[Collected data entries]
=== Section Start ===

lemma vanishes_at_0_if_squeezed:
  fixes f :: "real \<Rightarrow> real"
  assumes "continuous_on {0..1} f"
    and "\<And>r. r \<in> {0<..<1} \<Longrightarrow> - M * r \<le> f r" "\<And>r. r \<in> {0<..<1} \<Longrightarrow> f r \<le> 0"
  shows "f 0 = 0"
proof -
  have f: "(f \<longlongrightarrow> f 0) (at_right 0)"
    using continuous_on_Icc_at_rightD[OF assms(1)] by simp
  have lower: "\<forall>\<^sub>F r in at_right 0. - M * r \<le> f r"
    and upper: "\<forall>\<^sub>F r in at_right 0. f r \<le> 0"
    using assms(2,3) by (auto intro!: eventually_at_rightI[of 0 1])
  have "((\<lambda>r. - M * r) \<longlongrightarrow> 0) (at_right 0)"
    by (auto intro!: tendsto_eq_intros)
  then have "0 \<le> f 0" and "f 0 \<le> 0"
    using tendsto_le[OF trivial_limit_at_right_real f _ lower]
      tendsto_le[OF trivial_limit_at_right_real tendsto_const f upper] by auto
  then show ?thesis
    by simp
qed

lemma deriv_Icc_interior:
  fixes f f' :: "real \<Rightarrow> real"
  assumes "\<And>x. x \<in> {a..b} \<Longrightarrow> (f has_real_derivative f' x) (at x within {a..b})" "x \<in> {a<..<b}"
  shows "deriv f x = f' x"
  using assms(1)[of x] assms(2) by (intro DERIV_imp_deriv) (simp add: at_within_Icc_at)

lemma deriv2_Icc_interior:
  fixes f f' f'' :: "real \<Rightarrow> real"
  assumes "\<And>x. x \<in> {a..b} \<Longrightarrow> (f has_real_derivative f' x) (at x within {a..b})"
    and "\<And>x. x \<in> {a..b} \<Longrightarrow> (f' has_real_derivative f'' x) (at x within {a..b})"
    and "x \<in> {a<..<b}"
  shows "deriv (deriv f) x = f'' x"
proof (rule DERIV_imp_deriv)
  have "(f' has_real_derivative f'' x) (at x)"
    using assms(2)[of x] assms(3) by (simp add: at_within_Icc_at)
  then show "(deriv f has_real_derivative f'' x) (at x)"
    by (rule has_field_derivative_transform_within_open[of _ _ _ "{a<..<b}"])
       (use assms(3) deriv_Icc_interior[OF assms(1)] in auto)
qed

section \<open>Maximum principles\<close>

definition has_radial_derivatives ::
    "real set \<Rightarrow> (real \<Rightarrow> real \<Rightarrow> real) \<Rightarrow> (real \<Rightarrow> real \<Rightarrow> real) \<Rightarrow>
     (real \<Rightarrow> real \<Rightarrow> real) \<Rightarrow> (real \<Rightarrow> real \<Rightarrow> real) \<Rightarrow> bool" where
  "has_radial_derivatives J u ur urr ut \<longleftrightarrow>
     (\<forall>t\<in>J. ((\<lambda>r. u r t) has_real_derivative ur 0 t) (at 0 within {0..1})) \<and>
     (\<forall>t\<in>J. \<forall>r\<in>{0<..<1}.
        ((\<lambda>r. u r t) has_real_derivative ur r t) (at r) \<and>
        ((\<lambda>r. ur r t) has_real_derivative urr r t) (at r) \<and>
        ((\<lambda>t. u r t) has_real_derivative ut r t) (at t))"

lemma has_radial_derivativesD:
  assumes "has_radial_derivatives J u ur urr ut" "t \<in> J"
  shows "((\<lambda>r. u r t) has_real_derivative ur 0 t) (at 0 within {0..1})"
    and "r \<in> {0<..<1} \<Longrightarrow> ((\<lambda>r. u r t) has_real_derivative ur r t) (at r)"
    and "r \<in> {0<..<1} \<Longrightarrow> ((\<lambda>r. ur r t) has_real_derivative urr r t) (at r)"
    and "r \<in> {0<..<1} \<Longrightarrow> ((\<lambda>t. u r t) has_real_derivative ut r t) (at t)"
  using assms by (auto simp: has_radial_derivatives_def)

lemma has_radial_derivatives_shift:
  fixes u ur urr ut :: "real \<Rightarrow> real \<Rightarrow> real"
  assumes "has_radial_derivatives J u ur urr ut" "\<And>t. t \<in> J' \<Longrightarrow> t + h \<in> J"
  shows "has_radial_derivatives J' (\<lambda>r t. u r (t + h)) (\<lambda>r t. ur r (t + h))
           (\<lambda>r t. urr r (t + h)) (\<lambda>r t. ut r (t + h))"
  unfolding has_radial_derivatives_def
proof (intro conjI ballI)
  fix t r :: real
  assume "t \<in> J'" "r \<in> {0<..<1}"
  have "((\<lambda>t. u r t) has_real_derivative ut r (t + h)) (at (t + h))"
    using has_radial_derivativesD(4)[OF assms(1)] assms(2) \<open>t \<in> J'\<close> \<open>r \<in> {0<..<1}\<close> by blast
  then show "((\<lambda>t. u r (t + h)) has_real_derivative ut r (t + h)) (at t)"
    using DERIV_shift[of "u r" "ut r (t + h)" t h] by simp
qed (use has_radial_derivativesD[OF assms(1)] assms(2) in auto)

=== Section End ===

# [WHAT IS EXPECTED]
Say how many lines in the data hold the string "lemma", and say nothing else.

# [TASK RESULT]
5